#### Aim of the task
Scan the entries for the word "Context" and return every line that has it.

#### Data supplied
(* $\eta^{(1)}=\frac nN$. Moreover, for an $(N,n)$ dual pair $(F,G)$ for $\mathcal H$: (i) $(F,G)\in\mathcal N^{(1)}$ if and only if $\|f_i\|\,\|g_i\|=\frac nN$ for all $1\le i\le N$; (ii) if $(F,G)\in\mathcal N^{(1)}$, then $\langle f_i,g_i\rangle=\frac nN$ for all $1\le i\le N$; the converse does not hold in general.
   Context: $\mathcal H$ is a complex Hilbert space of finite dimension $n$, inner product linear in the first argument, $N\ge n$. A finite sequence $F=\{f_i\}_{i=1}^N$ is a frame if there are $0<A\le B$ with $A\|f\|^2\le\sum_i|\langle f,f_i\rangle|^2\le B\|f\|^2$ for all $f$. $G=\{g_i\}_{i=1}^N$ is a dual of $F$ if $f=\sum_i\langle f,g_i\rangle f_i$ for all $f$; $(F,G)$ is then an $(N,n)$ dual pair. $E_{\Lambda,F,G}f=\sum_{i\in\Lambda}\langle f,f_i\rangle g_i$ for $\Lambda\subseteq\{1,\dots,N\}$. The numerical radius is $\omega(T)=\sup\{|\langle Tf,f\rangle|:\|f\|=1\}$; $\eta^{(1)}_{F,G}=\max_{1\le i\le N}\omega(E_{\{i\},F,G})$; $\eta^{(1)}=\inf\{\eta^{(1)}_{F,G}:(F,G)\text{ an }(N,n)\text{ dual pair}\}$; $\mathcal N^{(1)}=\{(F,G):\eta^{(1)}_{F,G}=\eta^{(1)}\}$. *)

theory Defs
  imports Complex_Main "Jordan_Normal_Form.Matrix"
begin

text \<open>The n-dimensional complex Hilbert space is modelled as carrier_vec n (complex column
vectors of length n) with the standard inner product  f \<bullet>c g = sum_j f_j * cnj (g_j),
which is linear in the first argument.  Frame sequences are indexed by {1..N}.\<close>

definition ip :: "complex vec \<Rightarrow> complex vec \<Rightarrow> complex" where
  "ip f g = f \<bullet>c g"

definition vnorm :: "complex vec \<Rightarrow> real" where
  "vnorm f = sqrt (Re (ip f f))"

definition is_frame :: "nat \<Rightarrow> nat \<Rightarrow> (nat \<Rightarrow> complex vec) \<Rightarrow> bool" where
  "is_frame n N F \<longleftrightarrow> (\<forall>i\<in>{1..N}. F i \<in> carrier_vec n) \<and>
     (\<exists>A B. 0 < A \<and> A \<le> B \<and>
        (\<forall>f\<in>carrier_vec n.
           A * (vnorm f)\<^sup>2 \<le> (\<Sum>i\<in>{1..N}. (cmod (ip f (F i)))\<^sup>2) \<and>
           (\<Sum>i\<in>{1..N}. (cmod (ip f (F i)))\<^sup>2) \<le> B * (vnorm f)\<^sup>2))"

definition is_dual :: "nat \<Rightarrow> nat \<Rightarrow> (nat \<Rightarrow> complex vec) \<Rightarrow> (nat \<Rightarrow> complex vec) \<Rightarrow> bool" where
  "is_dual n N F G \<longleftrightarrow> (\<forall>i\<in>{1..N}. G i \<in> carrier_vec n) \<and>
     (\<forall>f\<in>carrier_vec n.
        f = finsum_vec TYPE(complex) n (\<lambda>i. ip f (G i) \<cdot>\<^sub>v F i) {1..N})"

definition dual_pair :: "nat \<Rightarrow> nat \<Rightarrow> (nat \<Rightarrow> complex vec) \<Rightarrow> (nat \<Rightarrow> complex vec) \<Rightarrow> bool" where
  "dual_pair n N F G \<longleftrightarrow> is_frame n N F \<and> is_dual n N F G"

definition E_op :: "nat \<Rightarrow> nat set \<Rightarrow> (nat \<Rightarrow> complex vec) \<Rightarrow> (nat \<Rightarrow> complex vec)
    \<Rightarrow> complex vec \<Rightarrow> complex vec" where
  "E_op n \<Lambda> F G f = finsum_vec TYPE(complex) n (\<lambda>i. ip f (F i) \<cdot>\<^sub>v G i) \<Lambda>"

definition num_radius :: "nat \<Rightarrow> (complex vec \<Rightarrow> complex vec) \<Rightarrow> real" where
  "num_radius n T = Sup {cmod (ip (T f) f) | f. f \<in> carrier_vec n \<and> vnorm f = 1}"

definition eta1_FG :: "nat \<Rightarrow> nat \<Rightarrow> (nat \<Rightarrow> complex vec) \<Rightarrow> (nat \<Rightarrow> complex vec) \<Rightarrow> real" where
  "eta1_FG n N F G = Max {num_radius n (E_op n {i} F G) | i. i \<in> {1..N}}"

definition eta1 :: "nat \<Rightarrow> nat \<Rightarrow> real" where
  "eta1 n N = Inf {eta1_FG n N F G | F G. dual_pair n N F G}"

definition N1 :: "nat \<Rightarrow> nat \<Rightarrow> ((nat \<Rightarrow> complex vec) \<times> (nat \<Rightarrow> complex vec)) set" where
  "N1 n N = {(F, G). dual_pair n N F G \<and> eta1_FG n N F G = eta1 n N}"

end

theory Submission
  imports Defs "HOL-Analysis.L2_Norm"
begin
* * *
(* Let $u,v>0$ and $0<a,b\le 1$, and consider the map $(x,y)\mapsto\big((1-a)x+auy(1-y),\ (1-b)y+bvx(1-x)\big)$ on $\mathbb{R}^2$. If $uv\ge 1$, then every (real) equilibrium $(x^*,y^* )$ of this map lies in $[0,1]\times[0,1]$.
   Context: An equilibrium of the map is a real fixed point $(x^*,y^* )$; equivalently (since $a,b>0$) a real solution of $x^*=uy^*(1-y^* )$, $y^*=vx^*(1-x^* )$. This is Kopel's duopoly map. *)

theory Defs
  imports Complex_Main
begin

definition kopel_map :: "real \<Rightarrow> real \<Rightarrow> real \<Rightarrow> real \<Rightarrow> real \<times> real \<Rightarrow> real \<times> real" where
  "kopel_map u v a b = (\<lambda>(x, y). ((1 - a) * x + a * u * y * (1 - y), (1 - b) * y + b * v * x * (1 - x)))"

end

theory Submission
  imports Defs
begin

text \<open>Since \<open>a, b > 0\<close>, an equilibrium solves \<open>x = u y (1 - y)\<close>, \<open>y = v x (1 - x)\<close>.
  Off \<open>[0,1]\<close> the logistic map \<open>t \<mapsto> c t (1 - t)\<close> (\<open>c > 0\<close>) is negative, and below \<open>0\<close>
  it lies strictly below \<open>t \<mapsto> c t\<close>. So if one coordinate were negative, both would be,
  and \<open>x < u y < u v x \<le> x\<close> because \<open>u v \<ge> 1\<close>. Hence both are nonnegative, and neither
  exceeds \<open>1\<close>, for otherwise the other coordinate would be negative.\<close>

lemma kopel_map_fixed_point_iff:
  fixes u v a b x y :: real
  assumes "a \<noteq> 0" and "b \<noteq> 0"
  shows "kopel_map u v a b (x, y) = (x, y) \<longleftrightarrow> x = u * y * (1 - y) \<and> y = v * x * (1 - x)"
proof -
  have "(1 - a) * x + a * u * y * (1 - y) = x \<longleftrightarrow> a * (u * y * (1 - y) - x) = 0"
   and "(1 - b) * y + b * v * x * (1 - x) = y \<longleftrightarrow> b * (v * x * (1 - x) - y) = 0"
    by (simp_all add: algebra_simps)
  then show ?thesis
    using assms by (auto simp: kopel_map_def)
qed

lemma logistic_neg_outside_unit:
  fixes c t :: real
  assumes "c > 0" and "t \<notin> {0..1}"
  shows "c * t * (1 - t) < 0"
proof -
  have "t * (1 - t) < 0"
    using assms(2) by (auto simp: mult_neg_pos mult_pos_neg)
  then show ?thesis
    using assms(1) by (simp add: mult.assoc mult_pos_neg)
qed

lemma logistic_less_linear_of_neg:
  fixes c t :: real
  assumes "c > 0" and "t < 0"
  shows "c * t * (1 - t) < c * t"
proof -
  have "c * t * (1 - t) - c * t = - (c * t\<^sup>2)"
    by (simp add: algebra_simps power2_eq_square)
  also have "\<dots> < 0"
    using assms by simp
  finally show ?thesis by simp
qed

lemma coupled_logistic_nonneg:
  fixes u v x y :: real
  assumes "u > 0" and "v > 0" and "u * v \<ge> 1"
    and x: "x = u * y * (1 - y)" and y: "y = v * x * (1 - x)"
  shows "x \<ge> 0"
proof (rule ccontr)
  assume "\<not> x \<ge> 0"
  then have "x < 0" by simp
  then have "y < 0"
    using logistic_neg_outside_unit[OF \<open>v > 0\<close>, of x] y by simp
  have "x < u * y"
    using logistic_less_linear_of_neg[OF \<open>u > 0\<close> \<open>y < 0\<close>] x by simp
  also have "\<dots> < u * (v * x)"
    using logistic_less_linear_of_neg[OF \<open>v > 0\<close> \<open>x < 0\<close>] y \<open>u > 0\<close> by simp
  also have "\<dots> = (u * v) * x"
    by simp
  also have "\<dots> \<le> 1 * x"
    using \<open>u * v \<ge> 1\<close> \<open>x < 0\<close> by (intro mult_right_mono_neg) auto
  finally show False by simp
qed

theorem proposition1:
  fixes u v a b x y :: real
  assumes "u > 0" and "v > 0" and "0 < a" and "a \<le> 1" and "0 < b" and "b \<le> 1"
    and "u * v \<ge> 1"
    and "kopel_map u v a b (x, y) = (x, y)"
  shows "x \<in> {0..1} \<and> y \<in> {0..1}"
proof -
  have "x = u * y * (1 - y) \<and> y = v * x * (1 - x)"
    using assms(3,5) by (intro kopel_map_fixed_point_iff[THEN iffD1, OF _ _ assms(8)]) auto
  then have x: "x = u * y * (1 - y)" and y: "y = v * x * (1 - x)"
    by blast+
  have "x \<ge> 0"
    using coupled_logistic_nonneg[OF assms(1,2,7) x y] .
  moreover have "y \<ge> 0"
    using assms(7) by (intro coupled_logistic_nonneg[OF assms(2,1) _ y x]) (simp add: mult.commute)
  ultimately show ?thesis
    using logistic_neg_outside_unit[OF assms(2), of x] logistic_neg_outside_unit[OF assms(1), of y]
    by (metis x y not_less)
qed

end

#### Response area
   Context: $\mathcal H$ is a complex Hilbert space of finite dimension $n$, inner product linear in the first argument, $N\ge n$. A finite sequence $F=\{f_i\}_{i=1}^N$ is a frame if there are $0<A\le B$ with $A\|f\|^2\le\sum_i|\langle f,f_i\rangle|^2\le B\|f\|^2$ for all $f$. $G=\{g_i\}_{i=1}^N$ is a dual of $F$ if $f=\sum_i\langle f,g_i\rangle f_i$ for all $f$; $(F,G)$ is then an $(N,n)$ dual pair. $E_{\Lambda,F,G}f=\sum_{i\in\Lambda}\langle f,f_i\rangle g_i$ for $\Lambda\subseteq\{1,\dots,N\}$. The numerical radius is $\omega(T)=\sup\{|\langle Tf,f\rangle|:\|f\|=1\}$; $\eta^{(1)}_{F,G}=\max_{1\le i\le N}\omega(E_{\{i\},F,G})$; $\eta^{(1)}=\inf\{\eta^{(1)}_{F,G}:(F,G)\text{ an }(N,n)\text{ dual pair}\}$; $\mathcal N^{(1)}=\{(F,G):\eta^{(1)}_{F,G}=\eta^{(1)}\}$. *)
   Context: An equilibrium of the map is a real fixed point $(x^*,y^* )$; equivalently (since $a,b>0$) a real solution of $x^*=uy^*(1-y^* )$, $y^*=vx^*(1-x^* )$. This is Kopel's duopoly map. *)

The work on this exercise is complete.